> **Problem requirements**
Find the line containing "unfolding m_def using f(1)" in the entries below. Restate it and each line after it, word for word, up to and including the line containing "push[of _ 1] by auto".

> **Data to examine**
--------

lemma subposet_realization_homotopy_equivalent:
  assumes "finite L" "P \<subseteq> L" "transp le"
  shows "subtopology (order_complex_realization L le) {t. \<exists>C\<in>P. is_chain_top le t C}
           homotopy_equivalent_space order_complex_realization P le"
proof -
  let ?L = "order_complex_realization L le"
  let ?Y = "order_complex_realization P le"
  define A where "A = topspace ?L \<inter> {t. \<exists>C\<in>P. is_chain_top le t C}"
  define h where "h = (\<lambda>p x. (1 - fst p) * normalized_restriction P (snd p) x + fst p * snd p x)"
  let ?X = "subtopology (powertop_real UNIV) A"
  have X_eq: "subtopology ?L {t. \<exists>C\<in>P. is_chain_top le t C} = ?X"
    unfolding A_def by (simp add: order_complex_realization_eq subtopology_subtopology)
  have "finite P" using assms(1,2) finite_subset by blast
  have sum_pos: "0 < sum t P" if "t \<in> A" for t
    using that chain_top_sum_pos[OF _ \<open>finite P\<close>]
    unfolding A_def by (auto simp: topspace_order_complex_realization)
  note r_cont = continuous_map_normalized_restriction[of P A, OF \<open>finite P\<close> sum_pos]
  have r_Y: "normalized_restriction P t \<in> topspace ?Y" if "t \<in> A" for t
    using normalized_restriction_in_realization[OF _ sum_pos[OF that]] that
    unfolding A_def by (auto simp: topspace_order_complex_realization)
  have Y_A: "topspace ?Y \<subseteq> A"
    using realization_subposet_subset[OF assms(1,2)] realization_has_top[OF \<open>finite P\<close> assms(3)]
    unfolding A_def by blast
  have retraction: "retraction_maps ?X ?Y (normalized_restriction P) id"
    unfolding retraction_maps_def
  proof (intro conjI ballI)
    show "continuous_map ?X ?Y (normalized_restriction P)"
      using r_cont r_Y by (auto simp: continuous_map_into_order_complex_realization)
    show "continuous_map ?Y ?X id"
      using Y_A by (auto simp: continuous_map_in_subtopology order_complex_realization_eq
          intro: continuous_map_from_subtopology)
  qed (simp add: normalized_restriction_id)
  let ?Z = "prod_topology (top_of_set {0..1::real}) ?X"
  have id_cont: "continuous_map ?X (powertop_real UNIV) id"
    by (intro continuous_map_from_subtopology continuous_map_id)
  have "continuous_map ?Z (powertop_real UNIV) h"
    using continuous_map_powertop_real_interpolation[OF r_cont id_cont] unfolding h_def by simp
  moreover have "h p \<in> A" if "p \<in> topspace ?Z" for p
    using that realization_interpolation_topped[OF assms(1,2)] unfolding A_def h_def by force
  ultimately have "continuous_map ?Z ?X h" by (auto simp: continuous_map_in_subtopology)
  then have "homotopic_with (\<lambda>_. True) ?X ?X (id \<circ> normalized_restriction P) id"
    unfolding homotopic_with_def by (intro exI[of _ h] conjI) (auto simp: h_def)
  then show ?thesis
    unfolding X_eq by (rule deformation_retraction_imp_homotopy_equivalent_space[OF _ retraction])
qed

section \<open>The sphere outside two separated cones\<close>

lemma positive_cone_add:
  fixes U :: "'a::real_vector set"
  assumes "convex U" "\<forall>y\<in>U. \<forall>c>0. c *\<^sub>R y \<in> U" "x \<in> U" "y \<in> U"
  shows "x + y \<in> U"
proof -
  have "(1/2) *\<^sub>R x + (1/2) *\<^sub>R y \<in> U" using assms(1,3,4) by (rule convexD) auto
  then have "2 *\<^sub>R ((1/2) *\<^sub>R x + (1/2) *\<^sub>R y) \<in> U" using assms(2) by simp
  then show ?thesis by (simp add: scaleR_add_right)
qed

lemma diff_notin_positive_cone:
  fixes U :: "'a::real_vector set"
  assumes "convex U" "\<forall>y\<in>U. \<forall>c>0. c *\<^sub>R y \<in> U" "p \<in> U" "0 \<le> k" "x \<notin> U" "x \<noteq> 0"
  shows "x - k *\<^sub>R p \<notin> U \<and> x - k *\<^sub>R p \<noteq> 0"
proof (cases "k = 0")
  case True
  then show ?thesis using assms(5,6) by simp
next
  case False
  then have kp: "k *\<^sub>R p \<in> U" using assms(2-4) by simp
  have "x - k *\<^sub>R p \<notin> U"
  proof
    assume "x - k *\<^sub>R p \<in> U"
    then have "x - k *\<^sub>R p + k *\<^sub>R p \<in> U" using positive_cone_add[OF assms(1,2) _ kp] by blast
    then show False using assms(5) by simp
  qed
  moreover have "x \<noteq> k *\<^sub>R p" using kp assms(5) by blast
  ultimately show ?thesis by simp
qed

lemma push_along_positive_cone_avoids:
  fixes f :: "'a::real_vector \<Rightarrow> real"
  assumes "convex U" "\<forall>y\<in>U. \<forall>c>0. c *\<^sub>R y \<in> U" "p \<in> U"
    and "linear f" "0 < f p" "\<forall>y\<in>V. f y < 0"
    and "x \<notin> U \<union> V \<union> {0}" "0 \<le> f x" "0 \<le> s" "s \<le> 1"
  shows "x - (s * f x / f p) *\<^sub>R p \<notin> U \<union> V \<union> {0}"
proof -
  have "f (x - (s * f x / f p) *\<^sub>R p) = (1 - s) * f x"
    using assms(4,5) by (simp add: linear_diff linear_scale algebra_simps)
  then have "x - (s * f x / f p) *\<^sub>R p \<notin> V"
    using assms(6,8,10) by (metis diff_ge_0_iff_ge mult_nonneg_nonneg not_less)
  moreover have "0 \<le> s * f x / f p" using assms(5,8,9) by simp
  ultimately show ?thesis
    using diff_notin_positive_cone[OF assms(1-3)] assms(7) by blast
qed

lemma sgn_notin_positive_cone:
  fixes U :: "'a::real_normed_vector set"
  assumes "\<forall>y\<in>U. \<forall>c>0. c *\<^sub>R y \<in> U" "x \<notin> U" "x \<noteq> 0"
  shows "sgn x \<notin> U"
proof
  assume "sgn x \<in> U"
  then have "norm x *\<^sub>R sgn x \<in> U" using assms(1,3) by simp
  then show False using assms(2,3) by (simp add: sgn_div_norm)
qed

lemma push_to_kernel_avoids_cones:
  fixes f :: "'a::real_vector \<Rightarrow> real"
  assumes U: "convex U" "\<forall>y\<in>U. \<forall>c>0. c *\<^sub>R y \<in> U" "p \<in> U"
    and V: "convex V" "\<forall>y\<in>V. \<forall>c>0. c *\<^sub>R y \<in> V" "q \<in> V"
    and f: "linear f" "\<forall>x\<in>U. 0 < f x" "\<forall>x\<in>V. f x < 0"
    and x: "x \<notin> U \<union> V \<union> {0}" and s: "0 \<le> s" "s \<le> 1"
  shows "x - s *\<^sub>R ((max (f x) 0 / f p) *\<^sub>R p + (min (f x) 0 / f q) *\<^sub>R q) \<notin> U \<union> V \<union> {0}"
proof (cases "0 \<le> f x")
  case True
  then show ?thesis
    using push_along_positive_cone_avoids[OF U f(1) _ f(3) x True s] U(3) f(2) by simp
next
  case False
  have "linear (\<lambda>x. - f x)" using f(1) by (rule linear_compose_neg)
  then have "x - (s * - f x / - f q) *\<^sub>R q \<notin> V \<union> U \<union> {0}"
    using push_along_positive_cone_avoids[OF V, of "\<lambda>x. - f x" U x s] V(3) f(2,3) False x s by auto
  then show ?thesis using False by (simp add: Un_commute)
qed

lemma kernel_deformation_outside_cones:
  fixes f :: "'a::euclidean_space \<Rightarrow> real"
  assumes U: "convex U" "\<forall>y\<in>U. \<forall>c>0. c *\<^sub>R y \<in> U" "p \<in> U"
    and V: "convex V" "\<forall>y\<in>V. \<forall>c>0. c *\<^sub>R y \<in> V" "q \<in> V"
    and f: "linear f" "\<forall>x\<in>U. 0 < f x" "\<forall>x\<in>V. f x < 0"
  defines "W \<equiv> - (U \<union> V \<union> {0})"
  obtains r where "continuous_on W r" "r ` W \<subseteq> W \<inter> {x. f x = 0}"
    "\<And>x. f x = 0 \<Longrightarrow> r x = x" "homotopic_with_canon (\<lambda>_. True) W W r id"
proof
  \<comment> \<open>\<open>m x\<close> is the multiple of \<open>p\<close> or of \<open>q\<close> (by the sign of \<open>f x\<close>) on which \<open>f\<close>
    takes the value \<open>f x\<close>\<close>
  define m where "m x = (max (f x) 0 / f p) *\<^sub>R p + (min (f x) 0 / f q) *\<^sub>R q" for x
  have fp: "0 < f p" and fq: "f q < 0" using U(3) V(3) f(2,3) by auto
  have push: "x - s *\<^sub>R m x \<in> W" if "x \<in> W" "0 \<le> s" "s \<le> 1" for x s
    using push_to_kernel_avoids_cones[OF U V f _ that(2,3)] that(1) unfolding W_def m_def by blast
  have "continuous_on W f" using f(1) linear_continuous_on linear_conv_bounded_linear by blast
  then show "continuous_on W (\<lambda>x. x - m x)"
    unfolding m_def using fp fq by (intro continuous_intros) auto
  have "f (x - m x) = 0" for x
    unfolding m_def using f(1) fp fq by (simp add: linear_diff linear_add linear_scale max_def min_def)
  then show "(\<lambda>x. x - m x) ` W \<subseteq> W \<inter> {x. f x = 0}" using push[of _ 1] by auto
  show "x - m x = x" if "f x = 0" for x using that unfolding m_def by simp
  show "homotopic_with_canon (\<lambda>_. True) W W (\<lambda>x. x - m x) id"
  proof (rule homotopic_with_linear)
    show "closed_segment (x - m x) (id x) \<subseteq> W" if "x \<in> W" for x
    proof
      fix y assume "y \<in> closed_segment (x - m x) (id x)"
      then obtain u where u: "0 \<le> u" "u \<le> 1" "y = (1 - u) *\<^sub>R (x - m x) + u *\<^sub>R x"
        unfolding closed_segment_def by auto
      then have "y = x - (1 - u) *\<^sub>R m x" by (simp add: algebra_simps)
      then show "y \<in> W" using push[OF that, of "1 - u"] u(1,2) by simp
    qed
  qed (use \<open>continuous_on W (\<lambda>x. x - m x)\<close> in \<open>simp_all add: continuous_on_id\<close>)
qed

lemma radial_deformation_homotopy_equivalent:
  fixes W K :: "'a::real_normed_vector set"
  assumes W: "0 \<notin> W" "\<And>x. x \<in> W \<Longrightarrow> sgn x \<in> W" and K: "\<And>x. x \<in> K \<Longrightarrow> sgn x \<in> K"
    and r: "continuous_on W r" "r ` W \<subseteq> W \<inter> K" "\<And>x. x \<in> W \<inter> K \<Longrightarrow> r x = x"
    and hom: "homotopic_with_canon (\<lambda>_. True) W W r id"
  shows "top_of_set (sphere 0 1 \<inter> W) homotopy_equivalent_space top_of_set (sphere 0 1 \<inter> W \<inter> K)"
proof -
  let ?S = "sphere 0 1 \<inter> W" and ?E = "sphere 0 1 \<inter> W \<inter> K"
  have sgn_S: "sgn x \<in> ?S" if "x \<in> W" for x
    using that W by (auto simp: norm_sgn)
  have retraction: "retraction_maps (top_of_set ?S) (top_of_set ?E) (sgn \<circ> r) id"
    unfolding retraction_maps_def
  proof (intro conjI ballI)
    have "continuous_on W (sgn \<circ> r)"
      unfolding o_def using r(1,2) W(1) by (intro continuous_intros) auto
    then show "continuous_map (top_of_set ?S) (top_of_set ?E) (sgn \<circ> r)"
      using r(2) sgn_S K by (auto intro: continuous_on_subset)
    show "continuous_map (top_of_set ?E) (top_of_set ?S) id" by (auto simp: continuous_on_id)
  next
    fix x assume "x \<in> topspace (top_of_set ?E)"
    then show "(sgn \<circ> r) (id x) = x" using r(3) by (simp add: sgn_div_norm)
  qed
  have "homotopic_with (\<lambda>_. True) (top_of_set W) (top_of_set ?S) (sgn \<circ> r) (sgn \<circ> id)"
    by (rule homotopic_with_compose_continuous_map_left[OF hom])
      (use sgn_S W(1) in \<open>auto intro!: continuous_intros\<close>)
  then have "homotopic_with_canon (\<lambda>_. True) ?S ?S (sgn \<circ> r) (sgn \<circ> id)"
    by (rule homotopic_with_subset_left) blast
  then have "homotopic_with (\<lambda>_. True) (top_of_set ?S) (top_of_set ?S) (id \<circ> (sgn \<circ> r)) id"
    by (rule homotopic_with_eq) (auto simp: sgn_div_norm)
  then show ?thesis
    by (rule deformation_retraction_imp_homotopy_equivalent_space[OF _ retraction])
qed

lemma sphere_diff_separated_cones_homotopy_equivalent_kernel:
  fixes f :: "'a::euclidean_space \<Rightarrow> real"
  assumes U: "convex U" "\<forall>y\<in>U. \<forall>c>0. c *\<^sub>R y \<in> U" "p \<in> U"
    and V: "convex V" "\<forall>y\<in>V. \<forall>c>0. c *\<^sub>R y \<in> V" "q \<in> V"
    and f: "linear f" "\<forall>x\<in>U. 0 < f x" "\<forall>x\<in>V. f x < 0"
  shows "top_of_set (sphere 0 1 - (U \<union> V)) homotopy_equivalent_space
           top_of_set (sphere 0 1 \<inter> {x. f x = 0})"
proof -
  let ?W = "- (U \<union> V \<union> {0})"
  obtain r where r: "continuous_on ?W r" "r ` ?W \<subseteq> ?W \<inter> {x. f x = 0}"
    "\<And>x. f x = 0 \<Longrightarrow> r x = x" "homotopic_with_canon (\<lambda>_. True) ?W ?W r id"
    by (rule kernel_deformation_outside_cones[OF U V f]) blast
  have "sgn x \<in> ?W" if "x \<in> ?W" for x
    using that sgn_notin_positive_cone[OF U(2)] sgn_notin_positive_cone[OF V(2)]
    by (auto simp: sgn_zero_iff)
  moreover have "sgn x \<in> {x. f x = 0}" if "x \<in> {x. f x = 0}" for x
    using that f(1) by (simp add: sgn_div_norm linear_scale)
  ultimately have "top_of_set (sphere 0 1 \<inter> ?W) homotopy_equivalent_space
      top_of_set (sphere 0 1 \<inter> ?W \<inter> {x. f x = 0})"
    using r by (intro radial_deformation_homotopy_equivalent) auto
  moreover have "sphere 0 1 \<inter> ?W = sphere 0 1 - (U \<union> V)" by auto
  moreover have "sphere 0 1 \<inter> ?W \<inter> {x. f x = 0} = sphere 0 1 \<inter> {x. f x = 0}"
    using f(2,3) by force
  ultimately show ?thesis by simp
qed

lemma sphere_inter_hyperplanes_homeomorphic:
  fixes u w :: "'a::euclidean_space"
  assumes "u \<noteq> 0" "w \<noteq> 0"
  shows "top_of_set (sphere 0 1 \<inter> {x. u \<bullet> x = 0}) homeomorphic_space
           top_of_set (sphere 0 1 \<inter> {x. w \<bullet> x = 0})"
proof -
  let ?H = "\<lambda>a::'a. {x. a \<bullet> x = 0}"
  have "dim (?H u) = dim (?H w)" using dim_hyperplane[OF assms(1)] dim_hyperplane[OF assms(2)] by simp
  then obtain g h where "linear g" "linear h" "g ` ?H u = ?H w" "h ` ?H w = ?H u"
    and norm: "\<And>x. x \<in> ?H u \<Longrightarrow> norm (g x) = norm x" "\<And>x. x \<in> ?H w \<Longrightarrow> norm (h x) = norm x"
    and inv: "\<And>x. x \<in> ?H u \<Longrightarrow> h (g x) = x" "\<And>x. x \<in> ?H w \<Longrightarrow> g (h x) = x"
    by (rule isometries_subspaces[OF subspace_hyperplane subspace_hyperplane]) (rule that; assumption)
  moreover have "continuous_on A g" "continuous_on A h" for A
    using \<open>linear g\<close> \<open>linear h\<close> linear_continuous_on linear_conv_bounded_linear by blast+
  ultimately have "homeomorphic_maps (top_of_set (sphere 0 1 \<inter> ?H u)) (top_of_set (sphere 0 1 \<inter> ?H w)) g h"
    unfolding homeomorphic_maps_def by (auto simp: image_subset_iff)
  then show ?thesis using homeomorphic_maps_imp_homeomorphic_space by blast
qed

--------

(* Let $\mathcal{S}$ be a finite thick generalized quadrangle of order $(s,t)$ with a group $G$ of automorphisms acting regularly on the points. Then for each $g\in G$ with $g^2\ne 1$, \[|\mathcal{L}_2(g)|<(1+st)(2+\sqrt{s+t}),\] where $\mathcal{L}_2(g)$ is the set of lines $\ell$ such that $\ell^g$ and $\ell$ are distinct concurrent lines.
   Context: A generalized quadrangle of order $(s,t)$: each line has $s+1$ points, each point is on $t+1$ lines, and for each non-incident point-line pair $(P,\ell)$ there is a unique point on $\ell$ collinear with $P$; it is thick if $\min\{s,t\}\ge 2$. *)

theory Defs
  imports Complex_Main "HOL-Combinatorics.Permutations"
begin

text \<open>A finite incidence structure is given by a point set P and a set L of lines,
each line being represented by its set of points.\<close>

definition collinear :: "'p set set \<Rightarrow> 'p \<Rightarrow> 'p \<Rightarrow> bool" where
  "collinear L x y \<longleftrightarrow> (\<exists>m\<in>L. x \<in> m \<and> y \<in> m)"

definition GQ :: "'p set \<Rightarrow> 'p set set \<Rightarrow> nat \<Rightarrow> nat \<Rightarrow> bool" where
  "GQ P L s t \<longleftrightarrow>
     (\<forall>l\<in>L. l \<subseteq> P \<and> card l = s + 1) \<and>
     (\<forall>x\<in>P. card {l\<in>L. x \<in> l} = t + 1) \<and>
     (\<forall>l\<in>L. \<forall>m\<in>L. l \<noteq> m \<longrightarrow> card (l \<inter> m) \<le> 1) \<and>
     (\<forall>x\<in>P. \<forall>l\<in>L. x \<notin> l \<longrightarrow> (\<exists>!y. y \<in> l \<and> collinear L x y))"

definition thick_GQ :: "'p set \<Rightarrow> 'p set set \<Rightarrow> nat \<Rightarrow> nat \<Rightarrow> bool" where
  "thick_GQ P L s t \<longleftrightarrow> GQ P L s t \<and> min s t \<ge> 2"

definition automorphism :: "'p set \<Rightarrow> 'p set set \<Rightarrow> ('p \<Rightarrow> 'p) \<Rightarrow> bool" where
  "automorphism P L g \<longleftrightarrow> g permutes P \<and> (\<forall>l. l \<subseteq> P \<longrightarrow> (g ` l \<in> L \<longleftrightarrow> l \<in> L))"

--------

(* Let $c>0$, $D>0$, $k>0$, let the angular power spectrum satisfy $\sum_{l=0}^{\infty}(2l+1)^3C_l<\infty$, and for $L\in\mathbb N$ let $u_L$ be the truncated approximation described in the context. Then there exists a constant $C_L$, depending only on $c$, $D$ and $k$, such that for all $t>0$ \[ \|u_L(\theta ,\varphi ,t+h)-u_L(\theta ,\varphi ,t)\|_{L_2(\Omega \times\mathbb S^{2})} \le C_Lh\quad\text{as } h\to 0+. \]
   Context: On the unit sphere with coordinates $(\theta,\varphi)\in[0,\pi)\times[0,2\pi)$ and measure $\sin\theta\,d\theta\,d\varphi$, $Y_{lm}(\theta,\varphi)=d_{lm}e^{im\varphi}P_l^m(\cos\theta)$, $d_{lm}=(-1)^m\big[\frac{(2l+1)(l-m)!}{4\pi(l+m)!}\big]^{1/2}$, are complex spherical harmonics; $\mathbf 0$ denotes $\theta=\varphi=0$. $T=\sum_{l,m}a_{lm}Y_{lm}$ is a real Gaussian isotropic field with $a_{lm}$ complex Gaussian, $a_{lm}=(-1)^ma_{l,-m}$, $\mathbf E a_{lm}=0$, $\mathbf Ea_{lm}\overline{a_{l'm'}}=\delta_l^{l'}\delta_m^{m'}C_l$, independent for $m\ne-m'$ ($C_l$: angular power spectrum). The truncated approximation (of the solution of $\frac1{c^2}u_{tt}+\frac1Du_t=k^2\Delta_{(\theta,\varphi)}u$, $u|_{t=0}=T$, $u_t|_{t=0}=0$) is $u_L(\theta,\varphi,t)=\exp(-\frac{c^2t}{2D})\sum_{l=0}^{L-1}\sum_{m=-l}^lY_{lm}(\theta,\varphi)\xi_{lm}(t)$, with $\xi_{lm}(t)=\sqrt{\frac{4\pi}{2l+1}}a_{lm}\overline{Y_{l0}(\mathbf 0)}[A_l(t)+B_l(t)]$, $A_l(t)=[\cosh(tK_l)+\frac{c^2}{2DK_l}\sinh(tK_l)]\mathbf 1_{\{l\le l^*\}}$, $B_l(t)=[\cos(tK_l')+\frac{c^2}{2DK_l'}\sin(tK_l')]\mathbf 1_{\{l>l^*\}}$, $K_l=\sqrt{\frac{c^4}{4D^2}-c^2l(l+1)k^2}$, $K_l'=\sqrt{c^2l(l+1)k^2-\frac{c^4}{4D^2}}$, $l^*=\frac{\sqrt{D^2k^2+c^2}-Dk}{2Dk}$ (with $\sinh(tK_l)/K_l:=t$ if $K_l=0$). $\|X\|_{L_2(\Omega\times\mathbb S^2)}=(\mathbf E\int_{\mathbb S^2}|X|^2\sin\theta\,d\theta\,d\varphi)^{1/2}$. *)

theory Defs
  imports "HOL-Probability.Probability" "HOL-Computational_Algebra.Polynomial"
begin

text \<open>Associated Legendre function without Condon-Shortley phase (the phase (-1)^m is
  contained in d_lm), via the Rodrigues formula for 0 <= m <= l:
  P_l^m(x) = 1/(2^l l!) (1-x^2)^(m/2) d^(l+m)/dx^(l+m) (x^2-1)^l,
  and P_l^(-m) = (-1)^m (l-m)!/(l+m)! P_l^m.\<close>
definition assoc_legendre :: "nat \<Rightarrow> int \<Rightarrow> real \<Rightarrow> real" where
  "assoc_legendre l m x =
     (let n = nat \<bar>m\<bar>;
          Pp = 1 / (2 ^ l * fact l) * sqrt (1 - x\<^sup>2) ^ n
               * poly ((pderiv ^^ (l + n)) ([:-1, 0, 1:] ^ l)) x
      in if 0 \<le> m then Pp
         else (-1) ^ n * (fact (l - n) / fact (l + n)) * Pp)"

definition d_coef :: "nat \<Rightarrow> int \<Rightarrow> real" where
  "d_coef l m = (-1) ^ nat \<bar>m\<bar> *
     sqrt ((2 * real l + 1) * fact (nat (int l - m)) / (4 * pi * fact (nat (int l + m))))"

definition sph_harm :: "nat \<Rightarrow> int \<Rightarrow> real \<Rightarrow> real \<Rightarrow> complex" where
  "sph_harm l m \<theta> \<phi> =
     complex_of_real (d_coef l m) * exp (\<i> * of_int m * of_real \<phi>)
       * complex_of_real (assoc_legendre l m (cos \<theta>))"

--------

> **Answer**
    unfolding m_def using f(1) fp fq by (simp add: linear_diff linear_add linear_scale max_def min_def)
  then show "(\<lambda>x. x - m x) ` W \<subseteq> W \<inter> {x. f x = 0}" using push[of _ 1] by auto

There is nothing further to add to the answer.